◆ YOUR INSTRUCTIONS ◆
Set down exactly the first line of the entries and every line after it, through the line with "sol_has_real_derivatives(2)[OF sol t, unfolded".

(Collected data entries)
######
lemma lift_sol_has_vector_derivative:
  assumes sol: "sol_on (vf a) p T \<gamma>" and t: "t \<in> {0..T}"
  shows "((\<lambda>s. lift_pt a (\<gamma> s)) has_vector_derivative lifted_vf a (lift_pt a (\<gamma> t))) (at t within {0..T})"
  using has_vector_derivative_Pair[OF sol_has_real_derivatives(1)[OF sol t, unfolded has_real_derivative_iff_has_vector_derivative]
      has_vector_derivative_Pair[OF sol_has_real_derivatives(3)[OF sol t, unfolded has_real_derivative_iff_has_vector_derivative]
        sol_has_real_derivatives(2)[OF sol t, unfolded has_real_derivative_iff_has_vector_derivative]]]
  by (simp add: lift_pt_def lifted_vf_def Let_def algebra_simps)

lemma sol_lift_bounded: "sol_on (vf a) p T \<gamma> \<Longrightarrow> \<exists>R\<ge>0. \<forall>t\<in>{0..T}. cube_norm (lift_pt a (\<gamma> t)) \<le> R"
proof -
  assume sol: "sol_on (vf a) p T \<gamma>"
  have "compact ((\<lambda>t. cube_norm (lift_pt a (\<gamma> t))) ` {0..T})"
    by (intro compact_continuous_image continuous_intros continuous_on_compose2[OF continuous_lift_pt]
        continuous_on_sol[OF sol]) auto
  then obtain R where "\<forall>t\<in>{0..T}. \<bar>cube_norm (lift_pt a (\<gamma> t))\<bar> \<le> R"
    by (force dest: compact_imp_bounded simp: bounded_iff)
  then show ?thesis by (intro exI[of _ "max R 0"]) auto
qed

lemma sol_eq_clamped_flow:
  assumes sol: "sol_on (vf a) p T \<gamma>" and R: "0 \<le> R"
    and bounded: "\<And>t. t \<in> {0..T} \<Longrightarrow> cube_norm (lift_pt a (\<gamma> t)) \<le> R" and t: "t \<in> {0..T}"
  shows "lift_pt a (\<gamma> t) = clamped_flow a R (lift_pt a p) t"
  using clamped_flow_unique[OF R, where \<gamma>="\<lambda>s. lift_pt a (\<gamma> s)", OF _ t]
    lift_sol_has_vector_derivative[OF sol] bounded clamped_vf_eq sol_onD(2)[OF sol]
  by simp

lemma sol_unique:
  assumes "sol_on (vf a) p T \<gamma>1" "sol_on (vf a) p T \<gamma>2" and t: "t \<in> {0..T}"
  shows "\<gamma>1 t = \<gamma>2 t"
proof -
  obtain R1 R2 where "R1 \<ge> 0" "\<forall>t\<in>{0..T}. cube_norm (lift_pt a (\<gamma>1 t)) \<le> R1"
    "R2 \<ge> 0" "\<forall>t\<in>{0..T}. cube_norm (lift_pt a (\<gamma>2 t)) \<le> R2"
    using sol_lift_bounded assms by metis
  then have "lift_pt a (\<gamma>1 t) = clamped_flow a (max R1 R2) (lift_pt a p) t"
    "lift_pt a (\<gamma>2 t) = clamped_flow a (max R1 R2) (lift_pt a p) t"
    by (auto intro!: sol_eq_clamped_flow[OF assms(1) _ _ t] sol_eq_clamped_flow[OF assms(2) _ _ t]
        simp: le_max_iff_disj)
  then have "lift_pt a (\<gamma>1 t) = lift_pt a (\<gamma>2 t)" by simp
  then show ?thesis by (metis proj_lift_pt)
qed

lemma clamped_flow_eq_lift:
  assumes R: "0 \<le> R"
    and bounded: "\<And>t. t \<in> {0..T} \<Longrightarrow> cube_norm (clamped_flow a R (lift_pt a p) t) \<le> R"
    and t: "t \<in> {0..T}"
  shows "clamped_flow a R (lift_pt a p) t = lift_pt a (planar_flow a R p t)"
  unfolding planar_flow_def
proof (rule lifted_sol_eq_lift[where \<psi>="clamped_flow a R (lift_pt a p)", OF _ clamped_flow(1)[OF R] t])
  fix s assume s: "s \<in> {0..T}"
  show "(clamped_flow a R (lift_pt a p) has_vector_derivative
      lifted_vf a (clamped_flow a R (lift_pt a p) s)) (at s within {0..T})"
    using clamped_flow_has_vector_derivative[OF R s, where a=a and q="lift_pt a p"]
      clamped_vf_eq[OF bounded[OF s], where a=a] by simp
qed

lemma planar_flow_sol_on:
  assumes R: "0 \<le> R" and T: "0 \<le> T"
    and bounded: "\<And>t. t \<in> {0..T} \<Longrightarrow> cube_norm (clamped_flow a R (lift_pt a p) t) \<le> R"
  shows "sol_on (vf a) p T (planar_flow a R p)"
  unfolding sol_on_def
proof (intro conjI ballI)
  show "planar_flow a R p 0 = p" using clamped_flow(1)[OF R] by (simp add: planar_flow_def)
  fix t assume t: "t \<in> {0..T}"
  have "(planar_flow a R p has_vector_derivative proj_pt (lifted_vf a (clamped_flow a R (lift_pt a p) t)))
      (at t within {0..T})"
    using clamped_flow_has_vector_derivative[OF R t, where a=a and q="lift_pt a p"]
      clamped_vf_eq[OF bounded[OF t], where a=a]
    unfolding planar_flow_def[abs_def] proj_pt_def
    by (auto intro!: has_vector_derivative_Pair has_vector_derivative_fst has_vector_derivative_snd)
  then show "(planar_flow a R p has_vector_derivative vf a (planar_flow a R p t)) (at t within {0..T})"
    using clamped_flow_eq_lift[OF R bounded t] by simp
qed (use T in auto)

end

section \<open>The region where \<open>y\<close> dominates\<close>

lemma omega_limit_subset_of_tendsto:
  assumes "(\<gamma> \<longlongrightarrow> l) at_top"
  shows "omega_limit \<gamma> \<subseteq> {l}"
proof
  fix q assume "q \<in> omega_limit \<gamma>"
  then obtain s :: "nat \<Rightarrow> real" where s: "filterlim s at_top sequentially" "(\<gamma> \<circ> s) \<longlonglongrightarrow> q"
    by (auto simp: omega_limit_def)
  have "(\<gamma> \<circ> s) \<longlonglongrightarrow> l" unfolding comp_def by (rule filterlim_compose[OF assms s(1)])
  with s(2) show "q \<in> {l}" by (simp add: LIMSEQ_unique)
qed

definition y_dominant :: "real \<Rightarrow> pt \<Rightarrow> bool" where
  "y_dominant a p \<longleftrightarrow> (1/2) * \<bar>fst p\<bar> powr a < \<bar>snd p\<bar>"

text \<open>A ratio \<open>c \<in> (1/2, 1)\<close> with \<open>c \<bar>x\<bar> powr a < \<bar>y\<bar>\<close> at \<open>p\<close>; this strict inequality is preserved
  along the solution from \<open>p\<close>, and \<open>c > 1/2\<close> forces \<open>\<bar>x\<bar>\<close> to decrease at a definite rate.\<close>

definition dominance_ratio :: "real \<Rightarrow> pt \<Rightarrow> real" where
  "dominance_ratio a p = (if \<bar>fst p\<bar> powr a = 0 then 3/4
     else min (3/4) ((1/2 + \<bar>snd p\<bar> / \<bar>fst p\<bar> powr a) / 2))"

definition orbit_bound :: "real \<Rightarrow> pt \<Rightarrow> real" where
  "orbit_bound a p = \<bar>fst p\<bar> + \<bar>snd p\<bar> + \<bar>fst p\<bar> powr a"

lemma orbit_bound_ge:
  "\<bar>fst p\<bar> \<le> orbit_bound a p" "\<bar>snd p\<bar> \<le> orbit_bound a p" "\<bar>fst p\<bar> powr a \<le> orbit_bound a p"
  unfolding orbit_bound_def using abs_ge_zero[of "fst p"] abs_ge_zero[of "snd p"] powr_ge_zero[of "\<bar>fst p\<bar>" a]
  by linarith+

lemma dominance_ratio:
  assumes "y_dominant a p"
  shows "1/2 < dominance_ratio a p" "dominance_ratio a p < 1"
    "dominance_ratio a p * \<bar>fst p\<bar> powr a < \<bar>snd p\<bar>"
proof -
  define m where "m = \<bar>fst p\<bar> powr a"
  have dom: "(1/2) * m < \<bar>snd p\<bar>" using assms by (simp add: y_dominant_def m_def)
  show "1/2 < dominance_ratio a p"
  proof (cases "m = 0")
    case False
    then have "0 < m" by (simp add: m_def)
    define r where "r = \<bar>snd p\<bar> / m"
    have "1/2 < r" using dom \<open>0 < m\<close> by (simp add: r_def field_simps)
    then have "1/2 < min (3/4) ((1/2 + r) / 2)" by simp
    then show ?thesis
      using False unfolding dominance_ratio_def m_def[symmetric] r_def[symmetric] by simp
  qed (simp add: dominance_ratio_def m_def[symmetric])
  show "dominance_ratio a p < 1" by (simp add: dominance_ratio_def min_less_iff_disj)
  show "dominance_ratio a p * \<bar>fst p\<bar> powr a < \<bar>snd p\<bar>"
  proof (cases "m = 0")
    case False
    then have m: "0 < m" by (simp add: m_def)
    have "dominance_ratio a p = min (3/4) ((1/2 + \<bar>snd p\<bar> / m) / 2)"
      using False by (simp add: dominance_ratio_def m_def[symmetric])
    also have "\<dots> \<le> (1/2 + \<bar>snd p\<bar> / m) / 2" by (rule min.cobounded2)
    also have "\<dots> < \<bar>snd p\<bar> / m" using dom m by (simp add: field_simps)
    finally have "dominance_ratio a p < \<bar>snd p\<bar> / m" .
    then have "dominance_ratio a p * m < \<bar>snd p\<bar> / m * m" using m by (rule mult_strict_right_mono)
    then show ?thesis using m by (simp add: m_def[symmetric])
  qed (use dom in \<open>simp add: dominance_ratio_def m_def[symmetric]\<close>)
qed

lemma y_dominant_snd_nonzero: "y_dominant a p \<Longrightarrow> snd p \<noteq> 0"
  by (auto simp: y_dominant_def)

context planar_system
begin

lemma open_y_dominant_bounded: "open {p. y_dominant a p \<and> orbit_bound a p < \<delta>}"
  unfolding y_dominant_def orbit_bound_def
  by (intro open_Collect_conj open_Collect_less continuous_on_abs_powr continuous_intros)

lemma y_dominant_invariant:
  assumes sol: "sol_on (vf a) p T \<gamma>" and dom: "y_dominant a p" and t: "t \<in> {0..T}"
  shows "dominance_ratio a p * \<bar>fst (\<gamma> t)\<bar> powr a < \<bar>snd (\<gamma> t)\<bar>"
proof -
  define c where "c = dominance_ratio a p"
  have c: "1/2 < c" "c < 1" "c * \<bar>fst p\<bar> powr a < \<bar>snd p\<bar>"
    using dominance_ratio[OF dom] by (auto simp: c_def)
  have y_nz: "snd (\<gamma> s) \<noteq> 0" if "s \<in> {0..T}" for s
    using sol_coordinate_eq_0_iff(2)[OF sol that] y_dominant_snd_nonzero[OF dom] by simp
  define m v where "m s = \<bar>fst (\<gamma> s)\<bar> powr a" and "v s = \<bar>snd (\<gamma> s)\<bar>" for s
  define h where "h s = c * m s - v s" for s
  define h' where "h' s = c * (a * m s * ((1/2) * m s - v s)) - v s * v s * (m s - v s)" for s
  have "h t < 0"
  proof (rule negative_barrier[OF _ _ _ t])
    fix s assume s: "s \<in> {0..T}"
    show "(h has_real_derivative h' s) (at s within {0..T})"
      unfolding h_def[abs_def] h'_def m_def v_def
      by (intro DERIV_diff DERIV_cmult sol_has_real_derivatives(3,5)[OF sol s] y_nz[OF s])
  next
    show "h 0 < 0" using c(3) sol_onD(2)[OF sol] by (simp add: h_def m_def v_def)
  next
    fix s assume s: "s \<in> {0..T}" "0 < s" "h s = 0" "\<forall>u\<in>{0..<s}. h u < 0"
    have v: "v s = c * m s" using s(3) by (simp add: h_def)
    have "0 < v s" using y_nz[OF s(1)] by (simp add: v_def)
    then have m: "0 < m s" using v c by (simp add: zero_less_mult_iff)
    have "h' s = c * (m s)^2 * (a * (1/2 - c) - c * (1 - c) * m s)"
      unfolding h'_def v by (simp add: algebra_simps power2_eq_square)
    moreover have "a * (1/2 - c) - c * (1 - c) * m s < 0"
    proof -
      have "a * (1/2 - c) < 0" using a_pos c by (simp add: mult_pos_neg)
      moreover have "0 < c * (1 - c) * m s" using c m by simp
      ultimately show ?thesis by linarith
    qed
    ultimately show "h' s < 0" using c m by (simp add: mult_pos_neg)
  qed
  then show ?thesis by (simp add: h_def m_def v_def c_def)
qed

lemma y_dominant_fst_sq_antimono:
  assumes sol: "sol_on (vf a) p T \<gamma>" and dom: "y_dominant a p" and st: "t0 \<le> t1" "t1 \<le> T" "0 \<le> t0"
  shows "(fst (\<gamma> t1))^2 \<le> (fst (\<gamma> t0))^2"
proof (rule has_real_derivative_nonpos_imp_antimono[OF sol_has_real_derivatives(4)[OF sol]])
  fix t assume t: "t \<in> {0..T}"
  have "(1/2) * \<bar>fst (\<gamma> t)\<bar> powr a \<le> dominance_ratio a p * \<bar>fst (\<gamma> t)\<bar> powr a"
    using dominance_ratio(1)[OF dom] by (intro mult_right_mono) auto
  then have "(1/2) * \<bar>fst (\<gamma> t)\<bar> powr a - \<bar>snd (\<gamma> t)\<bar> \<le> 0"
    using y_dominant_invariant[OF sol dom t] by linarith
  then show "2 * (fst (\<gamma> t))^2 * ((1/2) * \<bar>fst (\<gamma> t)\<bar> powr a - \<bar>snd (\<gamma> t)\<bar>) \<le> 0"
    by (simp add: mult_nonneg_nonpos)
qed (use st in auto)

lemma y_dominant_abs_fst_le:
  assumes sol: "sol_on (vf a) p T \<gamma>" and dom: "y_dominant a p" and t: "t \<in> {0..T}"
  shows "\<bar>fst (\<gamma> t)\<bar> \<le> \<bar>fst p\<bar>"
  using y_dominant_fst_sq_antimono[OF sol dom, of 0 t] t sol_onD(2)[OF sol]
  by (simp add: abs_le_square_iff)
######
◆ FINAL ANSWER ◆
lemma lift_sol_has_vector_derivative:
  assumes sol: "sol_on (vf a) p T \<gamma>" and t: "t \<in> {0..T}"
  shows "((\<lambda>s. lift_pt a (\<gamma> s)) has_vector_derivative lifted_vf a (lift_pt a (\<gamma> t))) (at t within {0..T})"
  using has_vector_derivative_Pair[OF sol_has_real_derivatives(1)[OF sol t, unfolded has_real_derivative_iff_has_vector_derivative]
      has_vector_derivative_Pair[OF sol_has_real_derivatives(3)[OF sol t, unfolded has_real_derivative_iff_has_vector_derivative]
        sol_has_real_derivatives(2)[OF sol t, unfolded has_real_derivative_iff_has_vector_derivative]]]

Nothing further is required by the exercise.